Il sensore, costruito in silice nanostrutturato, una specie di vetro puro, caratterizzato da strutture dell’ordine di grandezza 10mila volte più sottili di un capello umano, monitora in modo continuo e in tempo reale il pH vaginale. In più, questa sorta di pellicola è anche capace di sciogliersi, senza arrecare danni all’organismo.

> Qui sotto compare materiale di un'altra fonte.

(* Let $(k,p,\mathcal{A}_{k,p})$ be one of the following: $k=1,p=3$: $\mathcal{A}_{1,3}=\{3r,3r+1:0\le r\le16\}\setminus\{7,16,24,25,34,43\}$; $k=1,p=5$: $\mathcal{A}_{1,5}=(\{5r,5r+1,5r+2,5r+3:0\le r\le 9\}\cup\{50\})\setminus\{23,48\}$; $k=1,p=7$: $\mathcal{A}_{1,7}=([0,50]\cap\mathbb{Z})\setminus\{6,13,20,27,34,41,47,48\}$; $k=2,p=5$: $\mathcal{A}_{2,5}=(\{5r,5r+1,5r+2:0\le r\le 8\}\cup\{45,50\})\setminus\{21,22\}$; $k=2,p=7$: $\mathcal{A}_{2,7}=([0,50]\cap\mathbb{Z})\setminus(\{7r-1,7r-2:1\le r\le 7\}\cup\{45,46\})$; $k=3,p=5$: $\mathcal{A}_{3,5}=\{0,1,5,6,10,11,15,25,26,30,31,35,36,40,50\}$; $k=3,p=7$: $\mathcal{A}_{3,7}=\{7r,7r+1,7r+2,7r+3:0\le r\le 5\}\cup\{42,49,50\}$; $k=4,p=7$: $\mathcal{A}_{4,7}=\{7r,7r+1,7r+2:0\le r\le 4\}\cup\{35,36,49,50\}$; $k=5,p=7$: $\mathcal{A}_{5,7}=\{0,1,7,8,14,15,21,22,28,49,50\}$. Let $n\ge 2k$ and $a\in\mathcal{A}_{k,p}$. If $p\mid\prod_{i=1}^k(a+n-k+i)$ and $p\nmid a_0a_n$, then $f_{n,a}(x)$ has no factor of degree $k$ in $\mathbb{Q}[x]$. If $p\mid\prod_{i=1}^k(n-k+i)(a+n-k+i)$, then $L_n^{(a)}(x)$ has no factor of degree $k$ in $\mathbb{Q}[x]$.
   Context: For integers $n\ge 1$, $a\ge 0$ and integers $a_0,\dots,a_n$, $f_{n,a}(x)=\sum_{j=0}^{n} a_j\frac{x^j}{(j+a)!}$. The generalised Laguerre polynomial is $L_n^{(\alpha)}(x)=\sum_{j=0}^{n}\frac{(n+\alpha)(n-1+\alpha)\cdots(j+1+\alpha)}{(n-j)!\,j!}(-x)^j$. *)

theory Defs
  imports "HOL-Computational_Algebra.Polynomial"
begin

definition fpoly :: "(nat \<Rightarrow> int) \<Rightarrow> nat \<Rightarrow> nat \<Rightarrow> rat poly" where
  "fpoly c n a = (\<Sum>j\<le>n. monom (of_int (c j) / fact (j + a)) j)"

definition laguerre :: "nat \<Rightarrow> nat \<Rightarrow> rat poly" where
  "laguerre n a = (\<Sum>j\<le>n. monom ((-1) ^ j * (\<Prod>i\<in>{j+1..n}. of_nat (i + a))
                                   / (fact (n - j) * fact j)) j)"

definition has_factor_of_degree :: "rat poly \<Rightarrow> nat \<Rightarrow> bool" where
  "has_factor_of_degree f k \<longleftrightarrow> (\<exists>g :: rat poly. degree g = k \<and> g dvd f)"

definition A_set :: "nat \<Rightarrow> nat \<Rightarrow> nat set" where
  "A_set k p =
    (if k = 1 \<and> p = 3 then
       {m. \<exists>r\<le>16. m = 3*r \<or> m = 3*r+1} - {7,16,24,25,34,43}
     else if k = 1 \<and> p = 5 then
       ({m. \<exists>r\<le>9. m = 5*r \<or> m = 5*r+1 \<or> m = 5*r+2 \<or> m = 5*r+3} \<union> {50}) - {23,48}
     else if k = 1 \<and> p = 7 then
       {0..50} - {6,13,20,27,34,41,47,48}
     else if k = 2 \<and> p = 5 then
       ({m. \<exists>r\<le>8. m = 5*r \<or> m = 5*r+1 \<or> m = 5*r+2} \<union> {45,50}) - {21,22}
     else if k = 2 \<and> p = 7 then
       {0..50} - ({m. \<exists>r\<in>{1..7}. m = 7*r-1 \<or> m = 7*r-2} \<union> {45,46})
     else if k = 3 \<and> p = 5 then
       {0,1,5,6,10,11,15,25,26,30,31,35,36,40,50}
     else if k = 3 \<and> p = 7 then
       {m. \<exists>r\<le>5. m = 7*r \<or> m = 7*r+1 \<or> m = 7*r+2 \<or> m = 7*r+3} \<union> {42,49,50}
     else if k = 4 \<and> p = 7 then
       {m. \<exists>r\<le>4. m = 7*r \<or> m = 7*r+1 \<or> m = 7*r+2} \<union> {35,36,49,50}
     else if k = 5 \<and> p = 7 then
       {0,1,7,8,14,15,21,22,28,49,50}
     else {})"

end
text \<open>Holes: bounded connected components of the complement. The connected
components of the (open) complement of the union of tiles correspond exactly to
the edge-connected components of the set of non-tile cells; a hole is given by
the set of cells filling it, and its area is the number of those cells.\<close>
definition holes :: "cell set \<Rightarrow> cell set set" where
  "holes A = {C. \<exists>p. p \<notin> A \<and> C = comp_of (- A) p \<and> finite C}"

text \<open>Outer perimeter: number of unit boundary edges not bounding a hole, i.e.
edges between a tile and a non-tile cell lying in the unbounded component.
Each such edge corresponds to exactly one ordered pair (tile, outside cell).\<close>
definition p_o :: "cell set \<Rightarrow> nat" where
  "p_o A = card {(a, b). a \<in> A \<and> b \<notin> A \<and> adj a b \<and> (\<forall>H\<in>holes A. b \<notin> H)}"

definition dual_edges :: "cell set \<Rightarrow> cell set set" where
  "dual_edges A = {{a, b} | a b. a \<in> A \<and> b \<in> A \<and> adj a b}"

definition is_dual_cycle :: "cell set \<Rightarrow> cell set set \<Rightarrow> bool" where
  "is_dual_cycle A E \<longleftrightarrow> E \<noteq> {} \<and> E \<subseteq> dual_edges A \<and>
     (\<forall>v\<in>\<Union>E. card {e\<in>E. v \<in> e} = 2) \<and>
     (\<forall>u\<in>\<Union>E. \<forall>v\<in>\<Union>E. (u, v) \<in> {(x, y). {x, y} \<in> E}\<^sup>*)"

definition dual_single_cycle :: "cell set \<Rightarrow> bool" where
  "dual_single_cycle A \<longleftrightarrow> (\<exists>!E. is_dual_cycle A E)"

definition M :: "nat \<Rightarrow> nat \<Rightarrow> real" where
  "M n h = (2 * real n + 2 - 2 * of_int \<lceil>2 * sqrt (real n + real h)\<rceil>) / 4"

end

theory Submission
  imports Defs
begin

text \<open>Every tile has four sides, each shared with a neighbouring tile, with a hole, or with
the outside. With e the number of dual edges this gives
  4n = p_o(A) + (sum of the perimeters of the holes) + 2e.
A lattice set meeting r rows and c columns has perimeter at least 2(r + c), and
2\<lceil>2\<surd>N\<rceil> \<le> 2(r + c) for its area N \<le> rc. Applied to A with its holes filled in, this gives
p_o(A) \<ge> 2k with k = \<lceil>2\<surd>(n + h)\<rceil>; applied to a hole it gives perimeter 4 for area 1,
at least 6 for area 2 and at least 8 for larger area. The hypothesis M(n,h) = h + 1/2 says
k = n - 2h, so the identity forces e \<le> n. The dual graph is connected, hence e = n (a
unicyclic graph, and then every inequality is tight) or e = n - 1 (a tree, and then the
two units of slack go either to the outer perimeter or to a single hole of area two).\<close>

lemma adj_commute: "adj p q \<longleftrightarrow> adj q p"
  unfolding adj_def by (simp add: abs_minus_commute add.commute)

lemma adj_irrefl: "\<not> adj p p"
  unfolding adj_def by simp

lemma neighbours_eq: "{q. adj (x, y) q} = {(x + 1, y), (x - 1, y), (x, y + 1), (x, y - 1)}"
  unfolding adj_def by (auto simp: abs_if split: if_splits)
(* Let $X$ be a Hausdorff space and define $\Phi(X)=\sup\{L(X\setminus\{x\}) : x\in X\}$. Then $\Phi(X)=L(X)\cdot\psi(X)$.
   Context: $L(Y)$ denotes the Lindelöf number of $Y$ (least infinite cardinal $\mu$ such that every open cover of $Y$ has a subcover of size at most $\mu$), and $\psi(Y)$ the pseudocharacter (least infinite $\mu$ such that every point of $Y$ is the intersection of at most $\mu$ open sets); $X\setminus\{x\}$ carries the subspace topology. All cardinal functions are taken to be infinite. *)

theory Defs
  imports "HOL-Analysis.Analysis"
begin

text \<open>Cardinals are represented as cardinal orders (HOL BNF cardinals). An infinite
cardinal is a cardinal order with infinite field.\<close>

definition inf_card :: "'k rel \<Rightarrow> bool" where
  "inf_card \<kappa> \<longleftrightarrow> Card_order \<kappa> \<and> infinite (Field \<kappa>)"

definition lindelof_le :: "'a topology \<Rightarrow> 'k rel \<Rightarrow> bool" where
  "lindelof_le Y \<kappa> \<longleftrightarrow>
     (\<forall>U. (\<forall>u\<in>U. openin Y u) \<and> topspace Y \<subseteq> \<Union>U \<longrightarrow>
        (\<exists>V\<subseteq>U. topspace Y \<subseteq> \<Union>V \<and> ordLeq3 (card_of V) \<kappa>))"

definition pseudochar_le :: "'a topology \<Rightarrow> 'k rel \<Rightarrow> bool" where
  "pseudochar_le Y \<kappa> \<longleftrightarrow>
     (\<forall>y\<in>topspace Y. \<exists>W. W \<noteq> {} \<and> (\<forall>w\<in>W. openin Y w) \<and> \<Inter>W = {y}
        \<and> ordLeq3 (card_of W) \<kappa>)"

definition is_lindelof_number :: "'a topology \<Rightarrow> 'k rel \<Rightarrow> bool" where
  "is_lindelof_number Y \<mu> \<longleftrightarrow> inf_card \<mu> \<and> lindelof_le Y \<mu> \<and>
     (\<forall>\<kappa>::'k rel. inf_card \<kappa> \<and> lindelof_le Y \<kappa> \<longrightarrow> ordLeq3 \<mu> \<kappa>)"

definition is_pseudocharacter :: "'a topology \<Rightarrow> 'k rel \<Rightarrow> bool" where
  "is_pseudocharacter Y \<mu> \<longleftrightarrow> inf_card \<mu> \<and> pseudochar_le Y \<mu> \<and>
     (\<forall>\<kappa>::'k rel. inf_card \<kappa> \<and> pseudochar_le Y \<kappa> \<longrightarrow> ordLeq3 \<mu> \<kappa>)"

«Lo scorso anno - ricorda il professore –, sempre nell’ambito del progetto, abbiamo messo a punto un sensore innovativo, delle dimensioni e dallo spessore di un francobollo, totalmente biodegradabile nel corpo, in grado di rilevare il pH dei tessuti tramite un semplicissimo meccanismo a fluorescenza. Se stimolato con luce verde, infatti, il sensore emette luce nello spettro del rosso, con un’intensità che corrisponde a un valore preciso di pH. Ora – continua - abbiamo fatto un ulteriore passo avanti, mettendo a punto un sistema optoelettronico miniaturizzato, che stimola il sensore, rileva la luce emessa dallo stesso e invia il valore di pH misurato a uno smartphone in modalità wireless». Il sistema rappresenta quindi un buon mix di efficienza e sostenibilità visto che è capace di rilevare il pH per quattro giorni consecutivi, il sensore si degrada senza scarti per l’ambiente, mentre l’anello con il circuito optoelettronico miniaturizzato, contenente anche il sistema di acquisizione dati, un trasmettitore wireless e le batterie di alimentazione, può essere riutilizzato con nuovi sensori.

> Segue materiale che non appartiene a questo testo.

lemma card_incident_circle:
  assumes "circle ends V E C D" "finite D" "\<forall>e\<in>D. fst (ends e) \<noteq> snd (ends e)" "v \<in> C"
  shows "card {e\<in>D. incident ends v e} = 2"
  using assms deg2_eq_card_incident[of D ends v] unfolding circle_def by auto

locale nonseparable_graph =
  fixes ends :: "'e \<Rightarrow> 'v \<times> 'v" and W :: "'v set" and F :: "'e set"
  assumes finW: "finite W" and finF: "finite F"
    and endsW: "\<forall>e\<in>F. fst (ends e) \<in> W \<and> snd (ends e) \<in> W"
    and loopless: "\<forall>e\<in>F. fst (ends e) \<noteq> snd (ends e)"
    and conn: "connected_g ends W F"
    and nocut: "\<nexists>x. cutpoint ends W F x"
begin

lemma walk_verts_in_W: "walk ends S x es \<Longrightarrow> S \<subseteq> F
    \<Longrightarrow> x \<in> W \<Longrightarrow> set (walk_verts ends x es) \<subseteq> W"
  using walk_verts_subset_ends[of ends S x es] walk_edges_subset[of ends S x es] endsW by fastforce

lemma walk_start_in_W: "walk ends F x es \<Longrightarrow> es \<noteq> [] \<Longrightarrow> x \<in> W"
  using endsW by (cases es) (auto simp: incident_def)

lemma other_end_in_W_minus: "e \<in> F \<Longrightarrow> incident ends v e
    \<Longrightarrow> other_end ends v e \<in> W - {v}"
  using endsW loopless by (auto simp: incident_def other_end_def)

lemma closed_path_circle:
  assumes w: "walk ends F x c" "walk_end ends x c = x" "c \<noteq> []" "distinct (tl (walk_verts ends x c))"
    "distinct c" "x \<in> W"
  shows "circle ends W F (set (walk_verts ends x c)) (set c)"
proof -
  have cF: "set c \<subseteq> F" using walk_edges_subset[OF w(1)] .
  have sub: "subgraph ends (set (walk_verts ends x c)) (set c) W F"
    unfolding subgraph_def using walk_verts_in_W[OF w(1) _ w(6)] cF walk_edge_ends_in_verts[OF w(1)] by auto
  have sym: "sym (adj ends (set c))" by (auto simp: sym_def adj_def)
  have "(a, b) \<in> (adj ends (set c))\<^sup>*" if "a \<in> set (walk_verts ends x c)" "b \<in> set (walk_verts ends x c)" for a b
  proof -
    have "(x, a) \<in> (adj ends (set c))\<^sup>*" "(x, b) \<in> (adj ends (set c))\<^sup>*"
      using walk_rtrancl_adj[OF w(1)] that by auto
    moreover have "(a, x) \<in> (adj ends (set c))\<^sup>*" using calculation(1) sym_rtrancl[OF sym]
      by (auto simp: sym_def)
    ultimately show ?thesis by (meson rtrancl_trans)
  qed
  then have con: "connected_g ends (set (walk_verts ends x c)) (set c)" unfolding connected_g_def by auto
  have lc: "\<forall>e\<in>set c. fst (ends e) \<noteq> snd (ends e)" using cF loopless by auto
  have deg: "deg2 ends (set c) y = 2" if "y \<in> set (walk_verts ends x c)" for y
  proof -
    have "deg2 ends (set c) y
        = length (filter (\<lambda>e. fst (ends e) = y) c) + length (filter (\<lambda>e. snd (ends e) = y) c)"
      unfolding deg2_def using distinct_length_filter[OF w(5)] by (metis Collect_conj_eq Int_commute Collect_mem_eq)
    also have "\<dots> = length (filter (incident ends y) c)" using length_filter_fst_snd[OF lc] .
    also have "\<dots> = count_list (butlast (walk_verts ends x c)) y + count_list (tl (walk_verts ends x c)) y"
      using length_filter_incident[OF w(1) loopless] .
    also have "\<dots> = 2 * count_list (tl (walk_verts ends x c)) y" using closed_walk_count_list[OF w(2,3)] by simp
    also have "\<dots> = 2"
    proof -
      have "y \<in> set (tl (walk_verts ends x c))"
      proof -
        obtain bl where "walk_verts ends x c = x # bl @ [x]" using closed_walk_verts[OF w(2,3)] by blast
        then show ?thesis using that by auto
      qed
      then show ?thesis using count_list_distinct[OF w(4)] by simp
    qed
    finally show ?thesis .
  qed
  show ?thesis using sub con deg unfolding circle_def by auto
qed
lemma monic_dvd_smult_sub_const_imp_dvd:
  fixes f P :: "int poly"
  assumes f: "lead_coeff f = 1" "degree f > 0" and dvd: "f dvd smult q P - [:m:]"
  shows "q dvd m"
proof -
  obtain S R where SR: "pseudo_divmod P f = (S, R)" by fastforce
  have f0: "f \<noteq> 0" using f by auto
  have div: "P = f * S + R" "R = 0 \<or> degree R < degree f"
    using pseudo_divmod[OF f0 SR] f by auto
  have "smult q R - [:m:] = (smult q P - [:m:]) - f * smult q S"
    unfolding div(1) by (simp add: smult_add_right mult_smult_right)
  then have fR: "f dvd smult q R - [:m:]" using dvd by (simp only: dvd_diff dvd_triv_left)
  have lt: "degree (smult q R - [:m:]) < degree f"
  proof -
    have "degree (smult q R - [:m:]) \<le> max (degree (smult q R)) (degree [:m:])"
      by (rule degree_diff_le_max)
    also have "\<dots> \<le> degree R" by (simp add: degree_smult_le)
    finally show ?thesis using div(2) f(2) by auto
  qed
  have "smult q R - [:m:] = 0"
    using dvd_imp_degree_le[OF fR] lt by (meson not_le)
  then have "coeff (smult q R) 0 = m" by simp
  then show ?thesis by (auto intro: dvdI)
qed

lemma pderiv_cofactor_root_unity:
  fixes w :: "'a::idom"
  assumes fg: "monom 1 m - 1 = f * g" and g: "poly g w = 0" and w: "w ^ m = 1" "m > 0"
  shows "of_nat m = poly f w * poly (pderiv g) w * w"
proof -
  have "of_nat m * w ^ (m - 1) = poly (pderiv (monom 1 m - 1)) w"
    by (simp add: pderiv_monom poly_monom pderiv_diff)
  also have "\<dots> = poly f w * poly (pderiv g) w"
    unfolding fg using g by (simp add: pderiv_mult)
  finally show ?thesis
    using w by (metis mult.assoc mult.right_neutral power_minus_mult)
qed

Le applicazioni per le analisi in situ di sensori con queste proprietà sono potenzialmente numerose per le patologie che richiedono un monitoraggio continuo del livello di acidità dei tessuti, «ad esempio - continua Martina Corsi, dottoranda del dipartimento e coautrice dello studio - quelle a carico dell’apparato gastrointestinale, le analisi di ferite o patologie oncologiche, ma anche per le analisi ancora più complesse, oltre alla rilevazione del pH, mettendo a punto sensori a fluorescenza che rispondono a marcatori diversi».

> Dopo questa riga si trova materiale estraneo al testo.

(* For every finite set $A$ of positive reals and every integer $\ell\ge0$, \[F^*_\ell(A;t)=\big(F^*_1(A;t)\big)^{\ell}\] as formal power series, where $F^*_\ell(A;t)=\sum_{n\ge0} r_\ell(\mathcal{C}^*_{n,A})\frac{t^n}{n!}$.
   Context: Let $A=\{a_1,\dots,a_m\}$ with $a_1>\dots>a_m>0$. For $n\ge1$, the semiorder-type arrangement $\mathcal{C}^*_{n,A}$ is the arrangement in $\mathbb{R}^n$ of hyperplanes $x_i-x_j=a_k$ ($i\ne j$, $1\le k\le m$). Regions are connected components of the complement of the union of the hyperplanes. The level of $X\subseteq\mathbb{R}^n$ is the smallest integer $\ell\ge0$ such that there are a linear subspace $W$ of dimension $\ell$ and $r>0$ with $X\subseteq\{\bm x:\min_{\bm y\in W}\|\bm x-\bm y\|\le r\}$. $r_\ell(\mathcal{A})$ is the number of regions of $\mathcal{A}$ of level $\ell$. Convention: for $n=0$ there is exactly one region, of level $0$. *)

theory Defs
  imports "HOL-Analysis.Analysis" "HOL-Computational_Algebra.Formal_Power_Series"
begin

text \<open>Points of R^n are represented as functions nat => real vanishing at all
  indices >= n (coordinates x 0, ..., x (n-1)). The topology is the product
  topology on nat => real (Function_Topology), which restricted to this set is the
  Euclidean topology of R^n.\<close>

definition Rn :: "nat \<Rightarrow> (nat \<Rightarrow> real) set" where
  "Rn n = {x. \<forall>i\<ge>n. x i = 0}"

definition edist :: "nat \<Rightarrow> (nat \<Rightarrow> real) \<Rightarrow> (nat \<Rightarrow> real) \<Rightarrow> real" where
  "edist n x y = sqrt (\<Sum>i<n. (x i - y i)^2)"
text \<open>The signed incidence vectors of the edges have coordinate sum zero, so they lie in a space
  of dimension \<open>|V| - 1\<close>; a vanishing combination of them is supported on a subgraph without
  leaves, which would contain a cycle.\<close>

lemma acyclic_card_edges_le:
  assumes g: "graph V E" and acyclic: "\<nexists>c. is_cycle V E c"
  shows "card E \<le> card V - 1"
proof -
  have fV: "finite V" and fE: "finite E" using g graph_finite_edges by (auto simp: graph_def)
  obtain r where r: "r \<in> V" using g by (auto simp: graph_def)
  define s where "s e = (SOME x. x \<in> e)" for e :: "'a set"
  define w where "w e x = (if x \<in> e then if x = s e then 1 else -1 else (0::real))" for e x
  have w0: "w e x = 0 \<longleftrightarrow> x \<notin> e" for e x by (simp add: w_def)
  define B where "B = (\<lambda>j. indicator {j} - indicator {r} :: 'a \<Rightarrow> real) ` (V - {r})"
  have "card E \<le> card B"
  proof (rule card_le_card_if_independent_in_span)
    show "finite E" "finite B" using fE fV by (simp_all add: B_def)
  next
    fix e assume e: "e \<in> E"
    then obtain a b where ab: "e = {a, b}" "a \<in> V" "b \<in> V" "a \<noteq> b" by (rule graph_edgeE[OF g])
    have "s e \<in> e" unfolding s_def using ab by (metis insertI1 someI)
    hence "(\<Sum>x\<in>{a, b}. w e x) = 0" using ab by (auto simp: w_def)
    moreover have "(\<Sum>x\<in>V. w e x) = (\<Sum>x\<in>{a, b}. w e x)"
      using ab fV by (intro sum.mono_neutral_right) (auto simp: w_def)
    ultimately show "w e \<in> fvs.span B"
      unfolding B_def using ab by (intro in_span_indicator_differences[OF fV r]) (auto simp: w_def)
  next
    fix c assume dep: "(\<Sum>e\<in>E. fscale (c e) (w e)) = 0"
    define F where "F = {e \<in> E. c e \<noteq> 0}"
    have no_leaf: "\<exists>e'\<in>F. e' \<noteq> e \<and> x \<in> e'" if eF: "e \<in> F" and xe: "x \<in> e" for e x
    proof (rule ccontr)
      assume "\<not> (\<exists>e'\<in>F. e' \<noteq> e \<and> x \<in> e')"
      hence "(\<Sum>e'\<in>E - {e}. c e' * w e' x) = 0" using w0 by (intro sum.neutral) (auto simp: F_def)
      hence "(\<Sum>e'\<in>E. c e' * w e' x) = c e * w e x"
        using sum.remove[OF fE, of e "\<lambda>e'. c e' * w e' x"] eF by (simp add: F_def)
      moreover have "(\<Sum>e'\<in>E. c e' * w e' x) = 0"
        using fun_cong[OF dep, of x] by (simp add: sum_apply fscale_def)
      ultimately show False using eF xe w0 by (auto simp: F_def)
    qed
    have "F \<subseteq> E" by (auto simp: F_def)
    with cycle_if_no_leaf[OF g _ _ no_leaf] acyclic have "F = {}" by blast
    thus "\<forall>e\<in>E. c e = 0" by (auto simp: F_def)
  qed
  also have "card B \<le> card (V - {r})" unfolding B_def using fV by (intro card_image_le) simp
  also have "\<dots> = card V - 1" using fV r by simp
  finally show ?thesis .
qed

Altra partnership dello stesso team dell’Università di Pisa è quella con l’impresa lombarda ab medica con cui stanno progettando l’integrazione della tecnologia in dispositivi indossabili per diagnosi avanzate. «La plu- riennale collaborazione scientifica - afferma Cosimo Puttilli, Research and Innovation Manager dell’azienda - con il dipartimento di Ingegneria dell’Informazione, e in particolare con il team del professor Barillaro, rappresenta un esempio virtuoso di collaborazione tra una realtà universitaria pubblica di eccellenza e un’azienda che investe attivamente tempo e risorse nell’Innovazione. Nello specifico il nostro ruolo ha riguardato la realizzazione e miniaturizzazione del ricevitore e trasmettitore esterno al sensore, oltre che all’APP che permette di visualizzare i dati acquisiti dal sensore sviluppato a Pisa. L’obiettivo finale sarà quello di integrare la nuova tecnologia all’interno di dispositivi indossabili o impiantabili che permetteranno la diagnosi di patologie oggi molto diffuse, ma allo stato attuale difficili da monitorare». (E. G.).

I dati real time che il sistema miniaturizzato registra sono inviati ad uno smartphone, dove vengono processati per aiutare nell’individuazione di malattie estremamente diffuse.

La Diagnostica Dei Biosensori

L’uso dei sensori ultrasensibili in campo clinico diagnostico inizia a muovere i primi sorprendenti passi, grazie al coinvolgimento degli enti di ricerca e al finanziamento europeo. Basti pensare a RESORB, il progetto Horizon Europe EIC PathFinder Open finanziato dalla Comunità Europea con 3 milioni di euro, avviato nel 2022, che coinvolge oltre all’Università di Pisa anche l’Institut Mines-Telecom (Francia), l’Università del Salento, l’University College London (Regno Unito) e l’Università degli studi di Modena e Reggio Emilia. Il progetto prevede l’utilizzo di sistemi di rilevamento chimico impiantabili, biocompatibili e bioriassorbibili, integrati per il monitoraggio di farmaci in vivo e in loco.